ABOUT THIS TASK: Without omission or alteration, write out all of the data.

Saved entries
▶

lemma marginal_lift_SH_subset:
  assumes hg: "hypergraph n V E" and "e1 \<in> E" and "e2 \<subseteq> e1"
  shows "marginal_lift (JH V E) e1 e2 ` SH V E \<subseteq> SH V (insert e2 E)"
proof
  fix u assume "u \<in> marginal_lift (JH V E) e1 e2 ` SH V E"
  then obtain v where v: "v \<in> SH V E" and u: "u = marginal_lift (JH V E) e1 e2 v" by blast
  have old: "u J = v J" if "J \<in> JH V E" for J
    using that u unfolding marginal_lift_def by simp
  have new: "u J = (\<Prod>i\<in>J. v {i})" if "J \<in> Jfam e2" "J \<notin> JH V E" for J
    using that u SH_sum_Jfam_supersets[OF hg \<open>e1 \<in> E\<close> \<open>e2 \<subseteq> e1\<close> v]
    unfolding marginal_lift_def by simp
  have vertex: "u {i} = v {i}" if "i \<in> \<Union>V" for i
    using old singleton_in_JH that by blast
  have covered: "JH V (insert e2 E) \<subseteq> Pow (\<Union>V)"
  proof -
    have "e2 \<subseteq> V" using hypergraph_LV_edge(1)[OF hg] assms(2,3) by blast
    then have "Jfam e2 \<subseteq> Pow (\<Union>V)" unfolding Jfam_def by blast
    then show ?thesis using JH_subset_Pow_Union[OF hg] JH_insert by blast
  qed
  have prod: "u J = (\<Prod>i\<in>J. u {i})" if J: "J \<in> JH V (insert e2 E)" for J
  proof -
    have "u J = (\<Prod>i\<in>J. v {i})"
      using J old new SH_prod[OF hg v] JH_insert by (cases "J \<in> JH V E") auto
    also have "\<dots> = (\<Prod>i\<in>J. u {i})"
    proof (rule prod.cong)
      show "v {i} = u {i}" if "i \<in> J" for i
        using that J covered by (intro vertex[symmetric]) blast
    qed simp
    finally show ?thesis .
  qed
  have vertex01: "u {i} \<in> {0, 1}" if "i \<in> \<Union>V" for i
    using that vertex SH_vertex_01[OF v] by auto
  show "u \<in> SH V (insert e2 E)"
    unfolding SH_def
  proof (intro CollectI conjI ballI impI)
    show "u \<in> RS (JH V (insert e2 E))"
      using u JH_insert unfolding RS_def marginal_lift_def by simp
  next
    fix J assume J: "J \<in> JH V (insert e2 E)"
    show "u J = (\<Prod>i\<in>J. u {i})" using prod[OF J] .
    have "\<forall>i\<in>J. u {i} \<in> {0, 1}"
      using J covered by (intro ballI vertex01) blast
    then show "u J \<in> {0, 1}"
      unfolding prod[OF J] by (rule prod_zero_one_closed)
  next
    fix I assume "I \<in> V"
    then have "(\<Sum>i\<in>I. u {i}) = (\<Sum>i\<in>I. v {i})"
      by (intro sum.cong refl vertex) blast
    then show "(\<Sum>i\<in>I. u {i}) = 1" using v \<open>I \<in> V\<close> unfolding SH_def by simp
  qed
qed

lemma convex_hull_linear_retraction:
  fixes P :: "'a::real_vector \<Rightarrow> 'b::real_vector" and X :: "'b \<Rightarrow> 'a"
  assumes "linear P" and "linear X" and "P ` S' \<subseteq> S" and "X ` S \<subseteq> S'"
    and PX: "\<And>v. v \<in> S \<Longrightarrow> P (X v) = v"
    and "S' \<subseteq> K" and "convex K" and XP: "\<And>w. w \<in> K \<Longrightarrow> X (P w) = w"
  shows "inj_on P (convex hull S')"
    and "P ` (convex hull S') = convex hull S"
    and "convex hull S' = {w \<in> K. P w \<in> convex hull S}"
proof -
  have "S \<subseteq> P ` S'"
  proof
    fix v assume "v \<in> S"
    then have "v = P (X v)" and "X v \<in> S'"
      using PX \<open>X ` S \<subseteq> S'\<close> by auto
    then show "v \<in> P ` S'" by (rule image_eqI)
  qed
  with \<open>P ` S' \<subseteq> S\<close> have "P ` S' = S" by blast
  then show image: "P ` (convex hull S') = convex hull S"
    using convex_hull_linear_image[OF \<open>linear P\<close>, of S'] by simp
  have hull_K: "convex hull S' \<subseteq> K"
    using \<open>S' \<subseteq> K\<close> \<open>convex K\<close> by (rule hull_minimal)
  then show "inj_on P (convex hull S')"
    using XP by (intro inj_on_inverseI[where g = X]) blast
  have X_hull: "X ` (convex hull S) \<subseteq> convex hull S'"
    unfolding convex_hull_linear_image[OF \<open>linear X\<close>]
    using \<open>X ` S \<subseteq> S'\<close> by (rule hull_mono)
  show "convex hull S' = {w \<in> K. P w \<in> convex hull S}"
  proof
    show "convex hull S' \<subseteq> {w \<in> K. P w \<in> convex hull S}"
      using hull_K image by blast
    show "{w \<in> K. P w \<in> convex hull S} \<subseteq> convex hull S'"
    proof
      fix w assume w: "w \<in> {w \<in> K. P w \<in> convex hull S}"
      then have "w = X (P w)" using XP by simp
      also have "\<dots> \<in> convex hull S'" using X_hull w by blast
      finally show "w \<in> convex hull S'" .
    qed
  qed
qed

theorem proposition2p3:
  fixes n :: nat and V :: "nat set set" and E :: "nat set set set"
    and e1 e2 :: "nat set set"
  assumes "hypergraph n V E"
    and "e1 \<in> E" and "e2 \<subset> e1" and "e2 \<notin> E" and "card e2 > 1"
  shows "linear (proj (JH V E))
     \<and> inj_on (proj (JH V E)) (MC V (insert e2 E))
     \<and> proj (JH V E) ` MC V (insert e2 E) = MC V E
     \<and> MC V (insert e2 E) =
         {w \<in> RS (JH V (insert e2 E)).
            proj (JH V E) w \<in> MC V E \<and>
            (\<forall>J\<in>Jfam e2. w J = (\<Sum>J'\<in>{J' \<in> Jfam e1. J \<subseteq> J'}. w J'))}"
proof -
  have hg: "hypergraph n V E" and "e1 \<in> E" and "e2 \<subseteq> e1" and "2 \<le> card e2"
    using assms by auto
  have hg': "hypergraph n V (insert e2 E)"
    using hypergraph_insert_edge[OF hg _ \<open>2 \<le> card e2\<close>] hypergraph_LV_edge(1)[OF hg]
      \<open>e1 \<in> E\<close> \<open>e2 \<subseteq> e1\<close> by blast
  define K where "K = {w \<in> RS (JH V (insert e2 E)).
    \<forall>J\<in>Jfam e2. w J = (\<Sum>J'\<in>{J' \<in> Jfam e1. J \<subseteq> J'}. w J')}"
  have "convex K"
    unfolding K_def RS_def convex_def by (auto simp: scaleR_fun_def sum.distrib sum_distrib_left)
  have "SH V (insert e2 E) \<subseteq> K"
    using SH_insert_sum_Jfam_supersets[OF hg' \<open>e1 \<in> E\<close> \<open>e2 \<subseteq> e1\<close>]
    unfolding K_def SH_def by blast
  have lift_proj: "marginal_lift (JH V E) e1 e2 (proj (JH V E) w) = w" if "w \<in> K" for w
    using that Jfam_subset_JH[OF \<open>e1 \<in> E\<close>] JH_insert
    unfolding K_def by (intro marginal_lift_proj) auto
  have proj_lift: "proj (JH V E) (marginal_lift (JH V E) e1 e2 v) = v" if "v \<in> SH V E" for v
    using that unfolding SH_def by (intro proj_marginal_lift) blast
  note retraction = convex_hull_linear_retraction[of "proj (JH V E)" "marginal_lift (JH V E) e1 e2"
      "SH V (insert e2 E)" "SH V E" K, OF linear_proj linear_marginal_lift
      proj_SH_subset[OF hg' subset_insertI] marginal_lift_SH_subset[OF hg \<open>e1 \<in> E\<close> \<open>e2 \<subseteq> e1\<close>]
      proj_lift \<open>SH V (insert e2 E) \<subseteq> K\<close> \<open>convex K\<close> lift_proj]
  show ?thesis
    using retraction linear_proj unfolding MC_def K_def by auto
qed

end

◀

SOLUTION TO THIS TASK:
lemma marginal_lift_SH_subset:
  assumes hg: "hypergraph n V E" and "e1 \<in> E" and "e2 \<subseteq> e1"
  shows "marginal_lift (JH V E) e1 e2 ` SH V E \<subseteq> SH V (insert e2 E)"
proof
  fix u assume "u \<in> marginal_lift (JH V E) e1 e2 ` SH V E"
  then obtain v where v: "v \<in> SH V E" and u: "u = marginal_lift (JH V E) e1 e2 v" by blast
  have old: "u J = v J" if "J \<in> JH V E" for J
    using that u unfolding marginal_lift_def by simp
  have new: "u J = (\<Prod>i\<in>J. v {i})" if "J \<in> Jfam e2" "J \<notin> JH V E" for J
    using that u SH_sum_Jfam_supersets[OF hg \<open>e1 \<in> E\<close> \<open>e2 \<subseteq> e1\<close> v]
    unfolding marginal_lift_def by simp
  have vertex: "u {i} = v {i}" if "i \<in> \<Union>V" for i
    using old singleton_in_JH that by blast
  have covered: "JH V (insert e2 E) \<subseteq> Pow (\<Union>V)"
  proof -
    have "e2 \<subseteq> V" using hypergraph_LV_edge(1)[OF hg] assms(2,3) by blast
    then have "Jfam e2 \<subseteq> Pow (\<Union>V)" unfolding Jfam_def by blast
    then show ?thesis using JH_subset_Pow_Union[OF hg] JH_insert by blast
  qed
  have prod: "u J = (\<Prod>i\<in>J. u {i})" if J: "J \<in> JH V (insert e2 E)" for J
  proof -
    have "u J = (\<Prod>i\<in>J. v {i})"
      using J old new SH_prod[OF hg v] JH_insert by (cases "J \<in> JH V E") auto
    also have "\<dots> = (\<Prod>i\<in>J. u {i})"
    proof (rule prod.cong)
      show "v {i} = u {i}" if "i \<in> J" for i
        using that J covered by (intro vertex[symmetric]) blast
    qed simp
    finally show ?thesis .
  qed
  have vertex01: "u {i} \<in> {0, 1}" if "i \<in> \<Union>V" for i
    using that vertex SH_vertex_01[OF v] by auto
  show "u \<in> SH V (insert e2 E)"
    unfolding SH_def
  proof (intro CollectI conjI ballI impI)
    show "u \<in> RS (JH V (insert e2 E))"
      using u JH_insert unfolding RS_def marginal_lift_def by simp
  next
    fix J assume J: "J \<in> JH V (insert e2 E)"
    show "u J = (\<Prod>i\<in>J. u {i})" using prod[OF J] .
    have "\<forall>i\<in>J. u {i} \<in> {0, 1}"
      using J covered by (intro ballI vertex01) blast
    then show "u J \<in> {0, 1}"
      unfolding prod[OF J] by (rule prod_zero_one_closed)
  next
    fix I assume "I \<in> V"
    then have "(\<Sum>i\<in>I. u {i}) = (\<Sum>i\<in>I. v {i})"
      by (intro sum.cong refl vertex) blast
    then show "(\<Sum>i\<in>I. u {i}) = 1" using v \<open>I \<in> V\<close> unfolding SH_def by simp
  qed
qed

lemma convex_hull_linear_retraction:
  fixes P :: "'a::real_vector \<Rightarrow> 'b::real_vector" and X :: "'b \<Rightarrow> 'a"
  assumes "linear P" and "linear X" and "P ` S' \<subseteq> S" and "X ` S \<subseteq> S'"
    and PX: "\<And>v. v \<in> S \<Longrightarrow> P (X v) = v"
    and "S' \<subseteq> K" and "convex K" and XP: "\<And>w. w \<in> K \<Longrightarrow> X (P w) = w"
  shows "inj_on P (convex hull S')"
    and "P ` (convex hull S') = convex hull S"
    and "convex hull S' = {w \<in> K. P w \<in> convex hull S}"
proof -
  have "S \<subseteq> P ` S'"
  proof
    fix v assume "v \<in> S"
    then have "v = P (X v)" and "X v \<in> S'"
      using PX \<open>X ` S \<subseteq> S'\<close> by auto
    then show "v \<in> P ` S'" by (rule image_eqI)
  qed
  with \<open>P ` S' \<subseteq> S\<close> have "P ` S' = S" by blast
  then show image: "P ` (convex hull S') = convex hull S"
    using convex_hull_linear_image[OF \<open>linear P\<close>, of S'] by simp
  have hull_K: "convex hull S' \<subseteq> K"
    using \<open>S' \<subseteq> K\<close> \<open>convex K\<close> by (rule hull_minimal)
  then show "inj_on P (convex hull S')"
    using XP by (intro inj_on_inverseI[where g = X]) blast
  have X_hull: "X ` (convex hull S) \<subseteq> convex hull S'"
    unfolding convex_hull_linear_image[OF \<open>linear X\<close>]
    using \<open>X ` S \<subseteq> S'\<close> by (rule hull_mono)
  show "convex hull S' = {w \<in> K. P w \<in> convex hull S}"
  proof
    show "convex hull S' \<subseteq> {w \<in> K. P w \<in> convex hull S}"
      using hull_K image by blast
    show "{w \<in> K. P w \<in> convex hull S} \<subseteq> convex hull S'"
    proof
      fix w assume w: "w \<in> {w \<in> K. P w \<in> convex hull S}"
      then have "w = X (P w)" using XP by simp
      also have "\<dots> \<in> convex hull S'" using X_hull w by blast
      finally show "w \<in> convex hull S'" .
    qed
  qed
qed

theorem proposition2p3:
  fixes n :: nat and V :: "nat set set" and E :: "nat set set set"
    and e1 e2 :: "nat set set"
  assumes "hypergraph n V E"
    and "e1 \<in> E" and "e2 \<subset> e1" and "e2 \<notin> E" and "card e2 > 1"
  shows "linear (proj (JH V E))
     \<and> inj_on (proj (JH V E)) (MC V (insert e2 E))
     \<and> proj (JH V E) ` MC V (insert e2 E) = MC V E
     \<and> MC V (insert e2 E) =
         {w \<in> RS (JH V (insert e2 E)).
            proj (JH V E) w \<in> MC V E \<and>
            (\<forall>J\<in>Jfam e2. w J = (\<Sum>J'\<in>{J' \<in> Jfam e1. J \<subseteq> J'}. w J'))}"
proof -
  have hg: "hypergraph n V E" and "e1 \<in> E" and "e2 \<subseteq> e1" and "2 \<le> card e2"
    using assms by auto
  have hg': "hypergraph n V (insert e2 E)"
    using hypergraph_insert_edge[OF hg _ \<open>2 \<le> card e2\<close>] hypergraph_LV_edge(1)[OF hg]
      \<open>e1 \<in> E\<close> \<open>e2 \<subseteq> e1\<close> by blast
  define K where "K = {w \<in> RS (JH V (insert e2 E)).
    \<forall>J\<in>Jfam e2. w J = (\<Sum>J'\<in>{J' \<in> Jfam e1. J \<subseteq> J'}. w J')}"
  have "convex K"
    unfolding K_def RS_def convex_def by (auto simp: scaleR_fun_def sum.distrib sum_distrib_left)
  have "SH V (insert e2 E) \<subseteq> K"
    using SH_insert_sum_Jfam_supersets[OF hg' \<open>e1 \<in> E\<close> \<open>e2 \<subseteq> e1\<close>]
    unfolding K_def SH_def by blast
  have lift_proj: "marginal_lift (JH V E) e1 e2 (proj (JH V E) w) = w" if "w \<in> K" for w
    using that Jfam_subset_JH[OF \<open>e1 \<in> E\<close>] JH_insert
    unfolding K_def by (intro marginal_lift_proj) auto
  have proj_lift: "proj (JH V E) (marginal_lift (JH V E) e1 e2 v) = v" if "v \<in> SH V E" for v
    using that unfolding SH_def by (intro proj_marginal_lift) blast
  note retraction = convex_hull_linear_retraction[of "proj (JH V E)" "marginal_lift (JH V E) e1 e2"
      "SH V (insert e2 E)" "SH V E" K, OF linear_proj linear_marginal_lift
      proj_SH_subset[OF hg' subset_insertI] marginal_lift_SH_subset[OF hg \<open>e1 \<in> E\<close> \<open>e2 \<subseteq> e1\<close>]
      proj_lift \<open>SH V (insert e2 E) \<subseteq> K\<close> \<open>convex K\<close> lift_proj]
  show ?thesis
    using retraction linear_proj unfolding MC_def K_def by auto
qed

end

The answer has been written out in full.